Ressaltamos que no próprio discurso há relações dialógicas entre os já ditos do locutor. Anteriormente, o locutor explicava que as pessoas do antigo testamento, ou seja, época bíblica anterior à vinda de Cristo na terra, tinham que confiar em Deus mesmo não sendo salvas, pois essa salvação, garantia de morada eterna no céu, só seria proporcionada depois da passagem de Cristo na terra, sua morte no calvário e sua ressurreição ao terceiro dia. Nessa direção, o locutor conclui que, se as pessoas do antigo testamento tinham que confiar em Deus sem a garantia de salvação, então, as pessoas que vivem atualmente e que possuem a garantia da salvação em Cristo, precisam confiar na palavra divina. Assim, o enunciado “hoje não há raZÃO de você não fazer isso” refrata essa obrigação de confiança em Deus e dialoga tensamente e trava uma polêmica velada com vozes sociais que não têm essa crença de que Jesus Cristo desceu à terra em sacrifício para salvar a humanidade.

Além disso, num tom de autoridade, esse momento é o único do trecho em foco em que o locutor se distancia do interlocutor, se dirigindo a ele como “você”: “hoje não há raZÃO de você não fazer isso...se não fizer pode tirar...como se diz lá no interior...o cavalinho da chuva que você não vai pra parte alguma...quer dizer você não vai conseguir nada”. Esse “você” se desdobra em várias facetas que pode assumir esse interlocutor da pregação da palavra bíblica. Dessa maneira, o locutor deixa entrever em seu dizer que já confia em Deus plenamente, crê naquela palavra como verdade, por isso não se inclui na possibilidade de não crer.

O não crer e o não confiar implicam também uma consequência, segundo o enunciado do locutor, que faz surgir vozes de ameaça ao que não crê no que é ensinado: “se não fizer pode tirar... como se diz lá no interior...o cavalinho da chuva que você não vai pra parte alguma... quer dizer você não vai conseguir nada”. Nesse discurso, há uma construção discursiva em estilo linear, ficando marcado em seu dizer o dito popular “tirar o cavalinho da chuva”. Essa voz popular se incorpora ao dizer do locutor, numa bivocalização de orientação única, com fronteiras discursivas delimitadas “como se diz lá no interior” e cria efeitos de sentidos também de autoridade, mas uma autoridade com refrações de sabedoria, as quais dialogam em convergência de tons com as vozes sociais que dizem que a voz do povo é a voz de Deus.

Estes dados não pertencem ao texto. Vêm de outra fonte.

lemma routing_glue_flow:
  assumes "finite E" "pairwise_disjoint C" "T \<inter> \<Union>C = {}" "c \<ge> 0" "1 \<le> 2 * k"
    and epH: "\<And>e. e \<in> contr_E C E ep \<Longrightarrow> epH e = contr_ep C ep e"
    and h: "routing (contr_V C V) (contr_E C E ep) epH T (cls C) D c h"
    and RR: "\<And>S. S \<in> C \<Longrightarrow> completes_inside E ep S (pairs_of T) h (RR S) (2 * c * k)"
  shows "routing V E ep T id D (2 * c * k) (\<lambda>p. glue_flow C E ep (h p) (\<lambda>S. RR S p))"
  unfolding routing_def
proof (intro conjI ballI allI)
  fix p e d assume "p \<in> pairs_of T" "e \<in> E"
  then show "glue_flow C E ep (h p) (\<lambda>S. RR S p) e d \<ge> 0"
    using routing_nonneg[OF h] RR
    by (cases rule: glue_flow_cases[OF \<open>pairwise_disjoint C\<close> \<open>e \<in> E\<close>, where ep = ep])
      (auto simp: glue_flow_contr glue_flow_inner[OF \<open>pairwise_disjoint C\<close>] completes_inside_def)
next
  fix e assume "e \<in> E"
  have "c \<le> 2 * c * k"
    using \<open>c \<ge> 0\<close> \<open>1 \<le> 2 * k\<close> mult_left_mono[of 1 "2 * k" c] by simp
  with \<open>c \<ge> 0\<close> show "(\<Sum>p\<in>pairs_of T. glue_flow C E ep (h p) (\<lambda>S. RR S p) e True +
      glue_flow C E ep (h p) (\<lambda>S. RR S p) e False) \<le> 2 * c * k"
    using routing_load[OF h] RR
    by (cases rule: glue_flow_cases[OF \<open>pairwise_disjoint C\<close> \<open>e \<in> E\<close>, where ep = ep])
      (auto simp: glue_flow_contr glue_flow_inner[OF \<open>pairwise_disjoint C\<close>] completes_inside_def
        intro: order_trans)
next
  fix p assume "p \<in> pairs_of T"
  then obtain a b where "p = {a, b}" "a \<noteq> b" and conserved: "\<And>W. W \<in> contr_V C V \<Longrightarrow>
      netout (contr_E C E ep) epH (h p) W = (if W = cls C a then D p else 0) - (if W = cls C b then D p else 0)"
    using routing_conserve[OF h] by metis
  have "a \<in> T" "b \<in> T"
    using \<open>p \<in> pairs_of T\<close> \<open>p = {a, b}\<close> by (auto simp: pairs_of_def)
  have "netout E ep (glue_flow C E ep (h p) (\<lambda>S. RR S p)) v =
      (if v = a then D p else 0) - (if v = b then D p else 0)" if "v \<in> V" for v
  proof (cases "v \<in> \<Union>C")
    case True
    then obtain S where "S \<in> C" "v \<in> S" by blast
    then have "v \<noteq> a" "v \<noteq> b"
      using \<open>T \<inter> \<Union>C = {}\<close> \<open>a \<in> T\<close> \<open>b \<in> T\<close> by auto
    then show ?thesis
      using netout_glue_flow_router[OF \<open>finite E\<close> \<open>pairwise_disjoint C\<close> \<open>S \<in> C\<close> \<open>v \<in> S\<close>]
        RR[OF \<open>S \<in> C\<close>] \<open>p \<in> pairs_of T\<close> \<open>v \<in> S\<close> by (simp add: completes_inside_def)
  next
    case False
    have "{v} \<in> contr_V C V"
      using \<open>v \<in> V\<close> cls_singleton[OF False] by (force simp: contr_V_def)
    moreover have "{v} = cls C a \<longleftrightarrow> v = a" "{v} = cls C b \<longleftrightarrow> v = b"
      by (metis cls_eq_singleton_iff[OF \<open>pairwise_disjoint C\<close> False])+
    moreover have "netout E ep (glue_flow C E ep (h p) (\<lambda>S. RR S p)) v =
        netout (contr_E C E ep) epH (h p) {v}"
      using \<open>finite E\<close> \<open>pairwise_disjoint C\<close> False epH by (rule netout_glue_flow_outside)
    ultimately show ?thesis
      by (simp add: conserved)
  qed
  then show "\<exists>a b. p = {a, b} \<and> a \<noteq> b \<and> (\<forall>v\<in>V. netout E ep (glue_flow C E ep (h p) (\<lambda>S. RR S p)) v =
      (if v = id a then D p else 0) - (if v = id b then D p else 0))"
    using \<open>p = {a, b}\<close> \<open>a \<noteq> b\<close> unfolding id_def by blast
qed

lemma routable_contracted:
  assumes "multigraph V E ep" "T \<subseteq> V"
    and "\<And>e. e \<in> contr_E C E ep \<Longrightarrow> epH e = contr_ep C ep e"
    and "routable V E ep T id D c"
  shows "routable (contr_V C V) (contr_E C E ep) epH T (cls C) D c"
proof -
  obtain g where "routing V E ep T id D c g"
    using assms(4) unfolding routable_iff_routing ..
  then have "routing (cls C ` V) (contr_E C E ep) epH T (cls C) D c g"
    using assms(1-3) by (intro routing_quotient[where E = E and ep = ep])
      (auto simp: multigraph_def contr_E_def contr_ep_def)
  then show ?thesis
    unfolding contr_V_def routable_iff_routing by blast
qed

lemma routable_uncontracted:
  assumes "multigraph V E ep" "T \<subseteq> V" "pairwise_disjoint C"
    and routers: "\<And>S. S \<in> C \<Longrightarrow> S \<subseteq> V - T \<and> router_flow k E ep S" and "1 \<le> 2 * k"
    and epH: "\<And>e. e \<in> contr_E C E ep \<Longrightarrow> epH e = contr_ep C ep e"
    and "c \<ge> 0" and "routable (contr_V C V) (contr_E C E ep) epH T (cls C) D c"
  shows "routable V E ep T id D (2 * k * c)"
proof -
  obtain h where h: "routing (contr_V C V) (contr_E C E ep) epH T (cls C) D c h"
    using assms(8) unfolding routable_iff_routing ..
  have "finite V" "finite E"
    using \<open>multigraph V E ep\<close> by (simp_all add: multigraph_def)
  have "finite T"
    using \<open>finite V\<close> \<open>T \<subseteq> V\<close> by (rule finite_subset[rotated])
  have "\<forall>S\<in>C. \<exists>R. completes_inside E ep S (pairs_of T) h R (2 * c * k)"
  proof
    fix S assume "S \<in> C"
    with routers show "\<exists>R. completes_inside E ep S (pairs_of T) h R (2 * c * k)"
      by (intro routing_reroute_in_router[OF \<open>finite E\<close> \<open>finite T\<close> \<open>pairwise_disjoint C\<close> \<open>S \<in> C\<close>
            _ _ \<open>c \<ge> 0\<close> epH h]) auto
  qed
  then obtain RR where "\<forall>S\<in>C. completes_inside E ep S (pairs_of T) h (RR S) (2 * c * k)"
    by (rule bchoice[THEN exE])
  moreover have "T \<inter> \<Union>C = {}"
    using routers by blast
  ultimately have "routing V E ep T id D (2 * c * k) (\<lambda>p. glue_flow C E ep (h p) (\<lambda>S. RR S p))"
    using \<open>finite E\<close> \<open>pairwise_disjoint C\<close> \<open>c \<ge> 0\<close> \<open>1 \<le> 2 * k\<close> epH h
    by (intro routing_glue_flow) auto
  then show ?thesis
    unfolding routable_iff_routing by (auto simp: ac_simps)
qed

lemma le_mult_INF_ennreal:
  fixes X k :: ennreal
  assumes "k \<noteq> 0" "k \<noteq> top" and "\<And>c. c \<in> A \<Longrightarrow> X \<le> k * f c"
  shows "X \<le> k * (INF c\<in>A. f c)"
proof -
  have "X / k \<le> (INF c\<in>A. f c)"
  proof (rule INF_greatest)
    fix c assume "c \<in> A"
    then have "X / k \<le> k * f c / k"
      by (intro divide_right_mono_ennreal assms(3))
    also have "\<dots> = f c"
      using assms(1,2) by (simp add: mult.commute[of k] mult_divide_eq_ennreal)
    finally show "X / k \<le> f c" .
  qed
  then have "k * (X / k) \<le> k * (INF c\<in>A. f c)"
    by (rule mult_left_mono) simp
  moreover have "k * (X / k) = X"
    using assms(1,2) by (simp add: ennreal_times_divide mult.commute[of k] mult_divide_eq_ennreal)
  ultimately show ?thesis by simp
qed

lemma eta_antimono:
  assumes "\<And>c. c \<ge> 0 \<Longrightarrow> routable V E ep T \<iota> D c \<Longrightarrow> routable V' E' ep' T \<iota>' D c"
  shows "eta V' E' ep' T \<iota>' D \<le> eta V E ep T \<iota> D"
  unfolding eta_def using assms by (intro INF_superset_mono) auto

lemma eta_le_scaled:
  assumes "k > 0"
    and "\<And>c. c \<ge> 0 \<Longrightarrow> routable V' E' ep' T \<iota>' D c \<Longrightarrow> routable V E ep T \<iota> D (k * c)"
  shows "eta V E ep T \<iota> D \<le> ennreal k * eta V' E' ep' T \<iota>' D"
  unfolding eta_def[of V' E' ep' T \<iota>' D]
proof (rule le_mult_INF_ennreal)
  fix c assume c: "c \<in> {c. c \<ge> 0 \<and> routable V' E' ep' T \<iota>' D c}"
  then have "k * c \<in> {c. c \<ge> 0 \<and> routable V E ep T \<iota> D c}"
    using assms by auto
  then have "eta V E ep T \<iota> D \<le> ennreal (k * c)"
    unfolding eta_def by (rule INF_lower)
  then show "eta V E ep T \<iota> D \<le> ennreal k * ennreal c"
    using \<open>k > 0\<close> c by (simp add: ennreal_mult)
qed (use \<open>k > 0\<close> in auto)

lemma inj_on_cls:
  assumes "T \<inter> \<Union>C = {}"
  shows "inj_on (cls C) T"
proof (rule inj_onI)
  fix s t assume "s \<in> T" "t \<in> T" "cls C s = cls C t"
  with assms show "s = t"
    using cls_singleton[of s C] cls_singleton[of t C] by auto
qed

theorem claim1:
  fixes V :: "'v set" and E :: "'e set" and ep :: "'e \<Rightarrow> 'v \<times> 'v" and T :: "'v set"
    and V' :: "'v set set" and E' :: "'e set" and ep' :: "'e \<Rightarrow> 'v set \<times> 'v set"
  assumes "multigraph V E ep"
    and "T \<subseteq> V"
    and "legal_contracted V E ep T V' E' ep'"
  shows "restricted_flow_sparsifier V E ep T V' E' ep' 68"
proof -
  obtain C where "pairwise_disjoint C" and good: "\<forall>S\<in>C. good_router V E ep T S"
    and V': "V' = contr_V C V" and E': "E' = contr_E C E ep" and ep': "\<forall>e\<in>E'. ep' e = contr_ep C ep e"
    using assms(3) unfolding legal_contracted_def by blast
  have routers: "S \<subseteq> V - T \<and> router_flow 34 E ep S" if "S \<in> C" for S
    using good that by (simp add: good_router_def)
  have "flow_sparsifier V E ep T V' E' ep' (cls C) 68"
    unfolding flow_sparsifier_def
  proof (intro conjI allI impI)
    show "inj_on (cls C) T"
      using routers by (intro inj_on_cls) blast
    show "cls C ` T \<subseteq> V'"
      using assms(2) by (auto simp: V' contr_V_def)
    show "eta V' E' ep' T (cls C) D \<le> eta V E ep T id D" for D
      using assms(1,2) ep' unfolding V' E' by (intro eta_antimono routable_contracted) auto
    show "eta V E ep T id D \<le> 68 * eta V' E' ep' T (cls C) D" for D
      using routable_uncontracted[OF assms(1,2) \<open>pairwise_disjoint C\<close> routers, of ep'] ep'
      unfolding V' E' by (intro eta_le_scaled[of "2 * 34", simplified]) auto
  qed
  then show ?thesis
    unfolding restricted_flow_sparsifier_def using \<open>pairwise_disjoint C\<close> routers V' E' ep'
    by (intro exI[of _ C]) auto
qed

end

Além disso, a condição estabelecida nesse discurso imprime a presença de vozes neopentecostais que propagam a imposição do crer, do agir conforme é ensinado, para que se consigam benesses. Há misturada às vozes de ameaça, da condição, a voz da promessa, escamoteada no discurso, posto que para aquele interlocutor que crê é prometido o contrário: “ir para alguma parte”. A ideia de “não ir a parte alguma” é a ameaça ao não crente e “ir a alguma parte” é a promessa de benesses, é caminhar em direção à bênção, é estar no caminho para resolver as demandas.

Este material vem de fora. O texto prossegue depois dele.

(* Let $n$ be an odd positive integer and let the parameter space be $\Theta=\{(\theta,\gamma_1,\dots,\gamma_n):\theta\in\{0,1\},\ \gamma_i\in[0,1]\ \forall i\}$. Conditionally on $(\theta,\boldsymbol\gamma)\in\Theta$, let $Y_1,\dots,Y_n\in\{0,1\}$ be independent with $\mathbb{P}(Y_i=1\mid\theta=1,\boldsymbol\gamma)=\mathbb{P}(Y_i=0\mid\theta=0,\boldsymbol\gamma)=\gamma_i$, and let $U\sim\mathrm{Bernoulli}(1/2)$ be independent of $\vec Y$. Decision rules are functions $\delta:\{0,1\}^n\times\{0,1\}\to\{0,1\}$ with loss $L(\theta,a)=\mathbb{I}(\theta\ne a)$ and risk $R(\delta,\xi)=\mathbb{E}[L(\theta,\delta(\vec Y,U))\mid\xi]$ for $\xi=(\theta,\boldsymbol\gamma)\in\Theta$. Then the coin flip rule $\delta^{cf}(\vec y,u)=u$ is minimax: $\sup_{\xi\in\Theta}R(\delta^{cf},\xi)=\inf_\delta\sup_{\xi\in\Theta}R(\delta,\xi)$. *)

theory Defs
  imports Complex_Main "HOL-Library.FuncSet"
begin

text \<open>Binary values {0,1} are encoded as bool (True = 1, False = 0).
  A decision rule is any function delta :: bool list => bool => bool
  (its values on lists of length other than n are irrelevant).\<close>

definition Theta :: "nat \<Rightarrow> (bool \<times> (nat \<Rightarrow> real)) set" where
  "Theta n = UNIV \<times> ({..<n} \<rightarrow>\<^sub>E {0..1})"

definition probY :: "nat \<Rightarrow> bool \<Rightarrow> (nat \<Rightarrow> real) \<Rightarrow> bool list \<Rightarrow> real" where
  "probY n \<theta> \<gamma> ys = (\<Prod>i<n. if ys ! i = \<theta> then \<gamma> i else 1 - \<gamma> i)"

text \<open>Risk under 0-1 loss, with U ~ Bernoulli(1/2) independent of Y.\<close>
definition risk :: "nat \<Rightarrow> (bool list \<Rightarrow> bool \<Rightarrow> bool) \<Rightarrow> bool \<times> (nat \<Rightarrow> real) \<Rightarrow> real" where
  "risk n \<delta> \<xi> = (case \<xi> of (\<theta>, \<gamma>) \<Rightarrow>
     (\<Sum>ys\<in>{ys. length ys = n}. \<Sum>u\<in>(UNIV::bool set).
        (1/2) * probY n \<theta> \<gamma> ys * (if \<theta> \<noteq> \<delta> ys u then 1 else 0)))"

end

theory Submission
  imports Defs
begin

text \<open>Against the coin flip every parameter yields risk exactly 1/2. Conversely, at the
  uninformative parameter \<open>\<gamma> = (1/2, \<dots>, 1/2)\<close> the law of the observations does not depend
  on \<open>\<theta>\<close>, so the risks of any rule at \<open>\<theta> = 0\<close> and \<open>\<theta> = 1\<close> sum to 1, and one of them is at
  least 1/2.\<close>

lemma lists_length_Suc_eq:
  "{ys. length ys = Suc n} = (\<lambda>(b, ys). b # ys) ` (UNIV \<times> {ys. length ys = n})"
  by (auto simp: length_Suc_conv image_iff)

lemma sum_lists_prod_nth:
  fixes f :: "nat \<Rightarrow> bool \<Rightarrow> 'a::comm_semiring_1"
  shows "(\<Sum>ys\<in>{ys. length ys = n}. \<Prod>i<n. f i (ys ! i)) = (\<Prod>i<n. f i True + f i False)"
proof (induction n arbitrary: f)
  case 0
  then show ?case by simp
next
  case (Suc n)
  have inj: "inj_on (\<lambda>(b, ys). b # ys) (UNIV \<times> {ys::bool list. length ys = n})"
    by (auto simp: inj_on_def)
  have "(\<Sum>ys\<in>{ys. length ys = Suc n}. \<Prod>i<Suc n. f i (ys ! i))
      = (\<Sum>b\<in>UNIV. \<Sum>ys\<in>{ys. length ys = n}. f 0 b * (\<Prod>i<n. f (Suc i) (ys ! i)))"
    unfolding lists_length_Suc_eq sum.reindex[OF inj]
    by (simp del: prod.lessThan_Suc add: prod.lessThan_Suc_shift sum.cartesian_product split_def)
  also have "\<dots> = (\<Sum>b\<in>UNIV. f 0 b * (\<Prod>i<n. f (Suc i) True + f (Suc i) False))"
    by (simp add: sum_distrib_left[symmetric] Suc.IH[of "\<lambda>i. f (Suc i)"])
  also have "\<dots> = (\<Prod>i<Suc n. f i True + f i False)"
    by (simp del: prod.lessThan_Suc add: prod.lessThan_Suc_shift UNIV_bool algebra_simps)
  finally show ?case .
qed

lemma sum_probY: "(\<Sum>ys\<in>{ys. length ys = n}. probY n \<theta> \<gamma> ys) = 1"
  unfolding probY_def by (subst sum_lists_prod_nth) (cases \<theta>; simp)

lemma probY_nonneg: "\<gamma> \<in> {..<n} \<rightarrow>\<^sub>E {0..1} \<Longrightarrow> 0 \<le> probY n \<theta> \<gamma> ys"
  unfolding probY_def by (intro prod_nonneg) (auto simp: PiE_def Pi_def)

lemma risk_coin_flip: "risk n (\<lambda>ys u. u) \<xi> = 1/2"
proof -
  obtain \<theta> \<gamma> where \<xi>: "\<xi> = (\<theta>, \<gamma>)" by fastforce
  have "risk n (\<lambda>ys u. u) \<xi> = (\<Sum>ys\<in>{ys. length ys = n}. probY n \<theta> \<gamma> ys / 2)"
    unfolding risk_def \<xi> by (cases \<theta>) (auto simp: UNIV_bool intro!: sum.cong)
  also have "\<dots> = 1/2"
    by (simp add: sum_divide_distrib[symmetric] sum_probY)
  finally show ?thesis .
qed

lemma risk_le_1:
  assumes "\<xi> \<in> Theta n"
  shows "risk n \<delta> \<xi> \<le> 1"
proof -
  obtain \<theta> \<gamma> where \<xi>: "\<xi> = (\<theta>, \<gamma>)" and \<gamma>: "\<gamma> \<in> {..<n} \<rightarrow>\<^sub>E {0..1}"
    using assms by (auto simp: Theta_def)
  have "risk n \<delta> \<xi> \<le> (\<Sum>ys\<in>{ys. length ys = n}. \<Sum>u\<in>(UNIV::bool set). (1/2) * probY n \<theta> \<gamma> ys)"
    unfolding risk_def \<xi> prod.case
    by (intro sum_mono mult_left_le) (auto simp: probY_nonneg[OF \<gamma>])
  also have "\<dots> = 1"
    by (simp add: UNIV_bool sum_probY)
  finally show ?thesis .
qed

lemma risk_True_plus_risk_False:
  assumes "\<And>i. i < n \<Longrightarrow> \<gamma> i = 1/2"
  shows "risk n \<delta> (True, \<gamma>) + risk n \<delta> (False, \<gamma>) = 1"
proof -
  have same_law: "probY n False \<gamma> ys = probY n True \<gamma> ys" for ys
    unfolding probY_def by (rule prod.cong) (auto simp: assms)
  have "risk n \<delta> (True, \<gamma>) + risk n \<delta> (False, \<gamma>)
      = (\<Sum>ys\<in>{ys. length ys = n}. \<Sum>u\<in>(UNIV::bool set). (1/2) * probY n True \<gamma> ys)"
    unfolding risk_def prod.case sum.distrib[symmetric] same_law
    by (intro sum.cong refl) auto
  also have "\<dots> = 1"
    by (simp add: UNIV_bool sum_probY)
  finally show ?thesis .
qed

lemma uninformative_in_Theta: "(\<theta>, \<lambda>i. if i < n then 1/2 else undefined) \<in> Theta n"
  by (auto simp: Theta_def PiE_def extensional_def)

lemma half_le_SUP_risk: "1/2 \<le> (SUP \<xi>\<in>Theta n. risk n \<delta> \<xi>)"
proof -
  define \<gamma> :: "nat \<Rightarrow> real" where "\<gamma> = (\<lambda>i. if i < n then 1/2 else undefined)"
  have bdd: "bdd_above (risk n \<delta> ` Theta n)"
    using risk_le_1 by (auto intro!: bdd_aboveI2)
  have le_SUP: "risk n \<delta> (\<theta>, \<gamma>) \<le> (SUP \<xi>\<in>Theta n. risk n \<delta> \<xi>)" for \<theta>
    unfolding \<gamma>_def by (rule cSUP_upper[OF uninformative_in_Theta bdd])
  have "risk n \<delta> (True, \<gamma>) + risk n \<delta> (False, \<gamma>) = 1"
    by (rule risk_True_plus_risk_False) (simp add: \<gamma>_def)
  with le_SUP[of True] le_SUP[of False] show ?thesis
    by linarith
qed

lemma SUP_risk_coin_flip: "(SUP \<xi>\<in>Theta n. risk n (\<lambda>ys u. u) \<xi>) = 1/2"
proof -
  have "Theta n \<noteq> {}"
    using uninformative_in_Theta by blast
  then show ?thesis
    by (simp add: risk_coin_flip)
qed

theorem theorem7:
  fixes n :: nat
  assumes "odd n"
  shows "(SUP \<xi>\<in>Theta n. risk n (\<lambda>ys u. u) \<xi>) = (INF \<delta>. SUP \<xi>\<in>Theta n. risk n \<delta> \<xi>)"
proof (rule antisym)
  show "(SUP \<xi>\<in>Theta n. risk n (\<lambda>ys u. u) \<xi>) \<le> (INF \<delta>. SUP \<xi>\<in>Theta n. risk n \<delta> \<xi>)"
    unfolding SUP_risk_coin_flip by (rule cINF_greatest) (simp, rule half_le_SUP_risk)
  show "(INF \<delta>. SUP \<xi>\<in>Theta n. risk n \<delta> \<xi>) \<le> (SUP \<xi>\<in>Theta n. risk n (\<lambda>ys u. u) \<xi>)"
    by (rule cINF_lower) (auto intro: bdd_belowI[where m="1/2"] half_le_SUP_risk)
qed

end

O enunciado “tirar o cavalo da chuva” remonta a hábitos populares mais antigos, onde o meio de transporte mais comum era o cavalo. As pessoas se visitavam e quando amarravam o cavalo na frente da casa do anfitrião significava que a visita seria breve, porém quando amarravam o cavalo num local mais resguardado, significava que o visitante tinha a intenção de demorar. Então, quando o anfitrião pretendia que o visitante demorasse mais em sua casa e este tinha amarrado seu cavalo na frente de casa, aquele pedia que “tirasse o cavalo da chuva” e o amarrasse num local mais resguardado. O visitante, com isso, era solicitado a desistir de ir embora41. Na expressão, ficou fixado o sentido de desistir de um propósito qualquer. No contexto do discurso bivocal do locutor, essa expressão evoca sentidos de que se deve desistir da ideia de querer as bênçãos divinas sem crer no que é dito na pregação, sem ouvir e acreditar nessa voz divina.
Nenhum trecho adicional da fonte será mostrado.